CONSERVATION RESERVE PROGRAM (CRP)

Agency



The Farm Service Agency (FSA) administers the Conservation Reserve Program in cooperation with the Natural Resources Conservation Service (NRCS) of the U.S. Department of Agriculture (USDA), Cooperative State Research and Education Service, State Foresters and the local soil and water conservation districts.


Relevant Legislation


The CRP was established by the Food Security Act of 1985 (1985 Farm Act). It was extended by the Food, Agriculture, Conservation and Trade Act of 1990 (1990 Farm Act), the Federal Agriculture Improvement and Reform Act of 1996 (1996 Farm Act) and the Farm Security and Rural Investment Act of 2002 (2002 Farm Bill).


Overall Objective


To encourage farmers to plant long-term resource-conserving covers – intended environmental gains include habitat and water quality improvements; soil erosion reduction and productivity gains; air quality improvements and carbon sequestration.


Delivery Mechanism


The CRP is a voluntary program that offers long term rental payments, cost share assistance and technical assistance to farmers to convert highly erodible cropland or other environmentally sensitive acreage to vegetative cover, such as tame or native grasses, wildlife plantings, trees, filterstrips, or riparian buffers.
The program provides farmers an annual rental per hectare payment on land placed in a permanent cover under a 10 15 year contract; half of the cost of establishing a permanent land cover; and funds technical assistance and extension to help farms to adopt the program.
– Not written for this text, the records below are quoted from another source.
lemma tail_image_letters:
  assumes "1 \<le> m" shows "set ((morph h ^^ m) tail0) = late_letters"
proof -
  have "set ((morph h ^^ m) tail0) = (\<Union>b\<in>set tail0. set ((morph h ^^ m) [b]))"
    by (rule morph_power_letters)
  also have "\<dots> = (\<Union>b\<in>set tail0. set (h b))"
    using tail0_letters letters_stable[OF _ assms] by (intro SUP_cong) auto
  also have "\<dots> = late_letters" by (simp add: late_letters_def morph_def)
  finally show ?thesis .
qed

lemma w_tail_image:
  "q < length ((morph h ^^ m) tail0) \<Longrightarrow> w (length (approx m) + q) = (morph h ^^ m) tail0 ! q"
  using w_approx[of "length (approx m) + q" "Suc m"] by (simp add: approx_Suc_append nth_append)

(* Each application of h multiplies lengths by at most M. *)
lemma approx_growth: "length (approx (Suc (Suc m))) \<le> maxlen n h ^ 2 * length (approx m)"
proof -
  have "length (approx (Suc (Suc m))) \<le> maxlen n h * length (approx (Suc m))"
    unfolding approx_Suc[of "Suc m"] by (rule length_morph_le[OF approx_letters])
  also have "length (approx (Suc m)) \<le> maxlen n h * length (approx m)"
    unfolding approx_Suc[of m] by (rule length_morph_le[OF approx_letters])
  finally show ?thesis by (simp add: power2_eq_square mult.assoc)
qed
Land is selected based on the magnitude of the likely environmental gain relative to the rental payment.
Contracts are for a minimum of 10 years and a maximum of 15 years.

Targets





When Applied


The CRP has been applied since 1985.

Coverage/Eligibility



A nation-wide, voluntary program.

Participation is limited to erosion prone agricultural land in designated conservation priority areas or other regions where establishment of a cover crop will potentially reduce watershed or wellshed contamination.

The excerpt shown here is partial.